DATASET ENTRIES:
----------

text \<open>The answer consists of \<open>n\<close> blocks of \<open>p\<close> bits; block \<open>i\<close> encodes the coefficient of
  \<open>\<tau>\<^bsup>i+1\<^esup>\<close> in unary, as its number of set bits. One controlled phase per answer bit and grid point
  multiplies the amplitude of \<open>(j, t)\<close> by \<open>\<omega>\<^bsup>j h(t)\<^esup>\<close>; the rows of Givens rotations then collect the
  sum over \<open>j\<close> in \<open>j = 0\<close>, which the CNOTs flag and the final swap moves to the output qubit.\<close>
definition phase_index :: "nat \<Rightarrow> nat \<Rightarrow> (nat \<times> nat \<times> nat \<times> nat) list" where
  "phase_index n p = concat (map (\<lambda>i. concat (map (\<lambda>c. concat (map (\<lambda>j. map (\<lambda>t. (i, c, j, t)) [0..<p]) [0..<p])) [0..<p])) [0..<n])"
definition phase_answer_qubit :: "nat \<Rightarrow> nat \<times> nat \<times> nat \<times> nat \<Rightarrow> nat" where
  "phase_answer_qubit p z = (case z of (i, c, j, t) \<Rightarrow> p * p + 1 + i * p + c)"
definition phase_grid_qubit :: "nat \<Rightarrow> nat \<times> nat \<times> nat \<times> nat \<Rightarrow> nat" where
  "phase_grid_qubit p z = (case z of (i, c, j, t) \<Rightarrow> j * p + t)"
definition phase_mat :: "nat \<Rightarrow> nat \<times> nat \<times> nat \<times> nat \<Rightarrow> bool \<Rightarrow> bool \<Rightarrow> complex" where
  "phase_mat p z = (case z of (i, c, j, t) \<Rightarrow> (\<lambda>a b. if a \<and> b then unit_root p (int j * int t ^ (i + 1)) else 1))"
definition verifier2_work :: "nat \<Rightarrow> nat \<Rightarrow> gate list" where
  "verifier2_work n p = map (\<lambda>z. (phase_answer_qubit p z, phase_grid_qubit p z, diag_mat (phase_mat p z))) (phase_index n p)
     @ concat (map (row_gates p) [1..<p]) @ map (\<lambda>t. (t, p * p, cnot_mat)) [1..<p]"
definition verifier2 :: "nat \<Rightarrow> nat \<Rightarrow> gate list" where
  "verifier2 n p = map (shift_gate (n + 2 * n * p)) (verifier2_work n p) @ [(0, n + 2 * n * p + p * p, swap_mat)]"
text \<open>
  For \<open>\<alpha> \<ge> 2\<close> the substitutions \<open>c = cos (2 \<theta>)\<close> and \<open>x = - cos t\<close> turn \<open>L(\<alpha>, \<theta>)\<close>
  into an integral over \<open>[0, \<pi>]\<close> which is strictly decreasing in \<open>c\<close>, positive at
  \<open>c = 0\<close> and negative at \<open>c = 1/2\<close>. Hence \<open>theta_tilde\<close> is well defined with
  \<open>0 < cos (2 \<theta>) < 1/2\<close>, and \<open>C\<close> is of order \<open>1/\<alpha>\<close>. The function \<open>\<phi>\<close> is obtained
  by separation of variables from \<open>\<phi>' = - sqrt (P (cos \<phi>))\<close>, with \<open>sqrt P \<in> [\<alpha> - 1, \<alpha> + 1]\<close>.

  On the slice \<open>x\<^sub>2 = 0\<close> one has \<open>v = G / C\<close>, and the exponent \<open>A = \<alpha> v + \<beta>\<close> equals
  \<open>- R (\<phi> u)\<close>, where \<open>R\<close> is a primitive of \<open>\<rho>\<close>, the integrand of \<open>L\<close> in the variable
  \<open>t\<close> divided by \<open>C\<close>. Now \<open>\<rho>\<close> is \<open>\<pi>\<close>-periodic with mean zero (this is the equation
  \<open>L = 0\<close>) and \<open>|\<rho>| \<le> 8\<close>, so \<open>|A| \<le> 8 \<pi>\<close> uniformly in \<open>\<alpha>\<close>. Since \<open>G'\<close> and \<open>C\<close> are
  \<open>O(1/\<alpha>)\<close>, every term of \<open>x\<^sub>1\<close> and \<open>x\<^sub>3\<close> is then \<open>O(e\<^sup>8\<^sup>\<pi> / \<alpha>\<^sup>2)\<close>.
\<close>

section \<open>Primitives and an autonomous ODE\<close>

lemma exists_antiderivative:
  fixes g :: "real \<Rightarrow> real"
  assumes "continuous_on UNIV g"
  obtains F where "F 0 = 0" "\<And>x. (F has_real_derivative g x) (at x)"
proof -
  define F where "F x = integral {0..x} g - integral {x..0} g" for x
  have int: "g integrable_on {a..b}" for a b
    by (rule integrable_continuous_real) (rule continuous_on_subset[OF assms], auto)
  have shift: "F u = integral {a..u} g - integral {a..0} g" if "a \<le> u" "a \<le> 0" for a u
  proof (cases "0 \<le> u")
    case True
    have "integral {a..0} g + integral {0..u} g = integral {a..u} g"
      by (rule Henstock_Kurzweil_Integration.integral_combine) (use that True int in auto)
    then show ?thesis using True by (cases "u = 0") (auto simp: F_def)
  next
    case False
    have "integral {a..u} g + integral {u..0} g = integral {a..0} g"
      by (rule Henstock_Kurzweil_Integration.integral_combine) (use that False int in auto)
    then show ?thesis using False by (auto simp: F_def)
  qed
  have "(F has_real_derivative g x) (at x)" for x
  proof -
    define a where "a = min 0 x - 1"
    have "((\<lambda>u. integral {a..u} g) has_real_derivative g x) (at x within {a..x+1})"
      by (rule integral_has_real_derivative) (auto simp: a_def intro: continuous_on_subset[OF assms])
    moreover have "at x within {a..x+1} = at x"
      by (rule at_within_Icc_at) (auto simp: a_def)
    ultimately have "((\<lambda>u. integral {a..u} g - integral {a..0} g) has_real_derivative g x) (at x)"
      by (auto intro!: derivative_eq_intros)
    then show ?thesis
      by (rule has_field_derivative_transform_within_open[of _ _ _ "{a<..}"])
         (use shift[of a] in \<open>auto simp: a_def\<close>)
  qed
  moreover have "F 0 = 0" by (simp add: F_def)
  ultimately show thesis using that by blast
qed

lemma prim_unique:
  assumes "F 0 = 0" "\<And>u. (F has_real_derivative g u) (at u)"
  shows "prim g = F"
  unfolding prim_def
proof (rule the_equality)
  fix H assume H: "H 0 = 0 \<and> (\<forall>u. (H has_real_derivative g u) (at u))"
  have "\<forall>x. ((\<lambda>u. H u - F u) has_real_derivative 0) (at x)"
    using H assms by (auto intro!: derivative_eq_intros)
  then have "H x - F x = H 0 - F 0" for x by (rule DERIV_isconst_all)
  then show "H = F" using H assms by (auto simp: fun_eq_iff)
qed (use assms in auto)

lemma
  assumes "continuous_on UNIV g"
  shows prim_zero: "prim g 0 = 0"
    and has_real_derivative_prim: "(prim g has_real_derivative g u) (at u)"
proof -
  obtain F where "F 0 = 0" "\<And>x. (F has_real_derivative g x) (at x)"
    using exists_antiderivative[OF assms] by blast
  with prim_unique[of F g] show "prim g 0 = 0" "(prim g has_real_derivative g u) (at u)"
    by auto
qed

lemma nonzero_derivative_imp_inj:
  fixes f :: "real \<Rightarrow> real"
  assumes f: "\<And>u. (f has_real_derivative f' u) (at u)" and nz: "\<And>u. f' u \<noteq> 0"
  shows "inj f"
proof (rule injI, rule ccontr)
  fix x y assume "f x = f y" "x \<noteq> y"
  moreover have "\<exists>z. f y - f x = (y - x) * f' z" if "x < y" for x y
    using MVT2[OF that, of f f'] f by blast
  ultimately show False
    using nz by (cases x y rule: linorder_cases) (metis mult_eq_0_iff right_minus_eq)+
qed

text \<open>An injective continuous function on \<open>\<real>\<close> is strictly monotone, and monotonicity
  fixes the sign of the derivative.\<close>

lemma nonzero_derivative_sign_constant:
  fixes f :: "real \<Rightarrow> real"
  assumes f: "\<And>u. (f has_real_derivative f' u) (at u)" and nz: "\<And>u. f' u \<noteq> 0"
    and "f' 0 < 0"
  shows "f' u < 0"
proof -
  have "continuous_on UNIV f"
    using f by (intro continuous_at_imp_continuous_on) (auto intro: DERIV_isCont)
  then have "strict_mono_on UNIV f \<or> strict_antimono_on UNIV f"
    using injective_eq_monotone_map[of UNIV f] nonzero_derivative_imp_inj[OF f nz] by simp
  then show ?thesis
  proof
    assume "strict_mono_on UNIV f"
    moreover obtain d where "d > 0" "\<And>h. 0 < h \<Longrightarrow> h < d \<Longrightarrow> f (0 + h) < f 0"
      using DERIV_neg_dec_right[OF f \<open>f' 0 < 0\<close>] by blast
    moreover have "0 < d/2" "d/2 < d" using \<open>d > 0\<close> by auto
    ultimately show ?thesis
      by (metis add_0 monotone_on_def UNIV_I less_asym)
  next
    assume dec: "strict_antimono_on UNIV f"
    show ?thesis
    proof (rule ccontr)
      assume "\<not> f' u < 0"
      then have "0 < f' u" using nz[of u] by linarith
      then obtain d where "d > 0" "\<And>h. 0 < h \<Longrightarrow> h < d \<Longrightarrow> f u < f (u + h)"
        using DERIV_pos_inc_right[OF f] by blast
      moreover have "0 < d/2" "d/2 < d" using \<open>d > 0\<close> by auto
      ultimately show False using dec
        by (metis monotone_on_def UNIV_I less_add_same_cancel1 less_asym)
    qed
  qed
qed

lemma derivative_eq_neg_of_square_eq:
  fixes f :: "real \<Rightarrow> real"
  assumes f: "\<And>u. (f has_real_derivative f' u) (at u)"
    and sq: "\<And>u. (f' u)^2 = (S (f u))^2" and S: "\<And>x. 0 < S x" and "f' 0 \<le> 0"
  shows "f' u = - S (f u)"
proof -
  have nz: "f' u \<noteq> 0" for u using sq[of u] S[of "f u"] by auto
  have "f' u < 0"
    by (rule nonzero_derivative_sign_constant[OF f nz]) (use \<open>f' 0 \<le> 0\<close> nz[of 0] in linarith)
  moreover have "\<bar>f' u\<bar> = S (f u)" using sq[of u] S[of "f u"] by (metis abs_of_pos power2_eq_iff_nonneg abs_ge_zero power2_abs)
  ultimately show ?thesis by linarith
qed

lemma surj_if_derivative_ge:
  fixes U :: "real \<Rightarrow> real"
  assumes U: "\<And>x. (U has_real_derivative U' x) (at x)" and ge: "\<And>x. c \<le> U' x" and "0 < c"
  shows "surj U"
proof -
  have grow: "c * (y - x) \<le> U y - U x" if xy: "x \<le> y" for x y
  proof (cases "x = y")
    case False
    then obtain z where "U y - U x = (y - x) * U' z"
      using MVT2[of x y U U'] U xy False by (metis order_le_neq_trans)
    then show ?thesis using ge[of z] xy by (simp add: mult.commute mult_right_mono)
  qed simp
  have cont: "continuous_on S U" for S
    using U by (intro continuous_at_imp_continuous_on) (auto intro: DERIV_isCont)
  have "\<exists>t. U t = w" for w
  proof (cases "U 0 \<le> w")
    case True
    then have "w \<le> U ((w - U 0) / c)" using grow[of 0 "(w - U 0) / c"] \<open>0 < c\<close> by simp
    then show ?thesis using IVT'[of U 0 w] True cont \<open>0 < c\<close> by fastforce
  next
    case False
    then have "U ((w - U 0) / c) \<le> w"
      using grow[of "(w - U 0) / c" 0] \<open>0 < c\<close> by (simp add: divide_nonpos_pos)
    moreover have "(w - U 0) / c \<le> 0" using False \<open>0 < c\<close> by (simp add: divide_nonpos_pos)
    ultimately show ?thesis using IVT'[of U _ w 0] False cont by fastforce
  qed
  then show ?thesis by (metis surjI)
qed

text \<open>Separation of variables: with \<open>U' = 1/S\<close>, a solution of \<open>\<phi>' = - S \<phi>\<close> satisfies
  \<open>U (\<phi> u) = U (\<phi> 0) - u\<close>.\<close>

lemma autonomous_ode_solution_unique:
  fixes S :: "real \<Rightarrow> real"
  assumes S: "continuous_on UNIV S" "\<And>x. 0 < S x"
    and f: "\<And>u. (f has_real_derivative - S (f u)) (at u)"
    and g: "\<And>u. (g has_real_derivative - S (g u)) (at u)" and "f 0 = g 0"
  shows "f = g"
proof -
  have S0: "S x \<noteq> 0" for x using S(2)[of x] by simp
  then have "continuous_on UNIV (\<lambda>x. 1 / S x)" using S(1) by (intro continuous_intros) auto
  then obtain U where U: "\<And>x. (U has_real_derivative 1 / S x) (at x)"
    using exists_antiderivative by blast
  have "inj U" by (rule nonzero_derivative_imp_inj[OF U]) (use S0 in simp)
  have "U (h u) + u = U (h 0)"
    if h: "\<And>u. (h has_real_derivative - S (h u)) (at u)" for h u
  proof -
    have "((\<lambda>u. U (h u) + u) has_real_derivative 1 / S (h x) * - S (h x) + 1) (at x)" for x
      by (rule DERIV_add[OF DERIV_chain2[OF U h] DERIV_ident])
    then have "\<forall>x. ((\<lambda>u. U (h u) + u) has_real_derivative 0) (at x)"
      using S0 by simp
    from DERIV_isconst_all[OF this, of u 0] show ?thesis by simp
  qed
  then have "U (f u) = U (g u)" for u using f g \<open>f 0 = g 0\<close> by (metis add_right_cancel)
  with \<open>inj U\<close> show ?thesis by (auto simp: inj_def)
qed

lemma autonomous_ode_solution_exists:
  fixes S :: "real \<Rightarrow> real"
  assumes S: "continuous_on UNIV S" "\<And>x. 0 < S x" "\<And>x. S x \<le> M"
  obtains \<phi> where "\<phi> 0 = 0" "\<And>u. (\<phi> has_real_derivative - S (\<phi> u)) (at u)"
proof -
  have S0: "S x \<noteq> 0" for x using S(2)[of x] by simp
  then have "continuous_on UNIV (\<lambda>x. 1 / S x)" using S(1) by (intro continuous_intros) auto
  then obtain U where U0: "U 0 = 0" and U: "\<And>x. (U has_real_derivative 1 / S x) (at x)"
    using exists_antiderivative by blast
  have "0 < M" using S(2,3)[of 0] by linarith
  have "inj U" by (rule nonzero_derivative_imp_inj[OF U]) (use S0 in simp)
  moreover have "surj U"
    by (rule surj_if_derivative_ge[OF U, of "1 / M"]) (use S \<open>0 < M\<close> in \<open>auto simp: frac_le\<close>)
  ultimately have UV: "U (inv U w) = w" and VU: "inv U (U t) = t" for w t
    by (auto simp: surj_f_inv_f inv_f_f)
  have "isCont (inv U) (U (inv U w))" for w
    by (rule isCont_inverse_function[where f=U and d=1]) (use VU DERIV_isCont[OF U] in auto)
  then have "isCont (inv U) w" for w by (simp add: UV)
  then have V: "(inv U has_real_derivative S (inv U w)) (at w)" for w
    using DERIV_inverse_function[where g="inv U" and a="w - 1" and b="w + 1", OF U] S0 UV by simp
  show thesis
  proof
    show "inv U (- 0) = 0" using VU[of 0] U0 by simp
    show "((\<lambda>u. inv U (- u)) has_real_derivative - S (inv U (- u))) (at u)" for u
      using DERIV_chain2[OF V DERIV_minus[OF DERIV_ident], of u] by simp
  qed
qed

----------

EXERCISE AIM:
Going down from the first line of the entries above, restate each line word for word until the line holding "multiplies the amplitude" is done.

YOUR SOLUTION:
text \<open>The answer consists of \<open>n\<close> blocks of \<open>p\<close> bits; block \<open>i\<close> encodes the coefficient of
  \<open>\<tau>\<^bsup>i+1\<^esup>\<close> in unary, as its number of set bits. One controlled phase per answer bit and grid point
  multiplies the amplitude of \<open>(j, t)\<close> by \<open>\<omega>\<^bsup>j h(t)\<^esup>\<close>; the rows of Givens rotations then collect the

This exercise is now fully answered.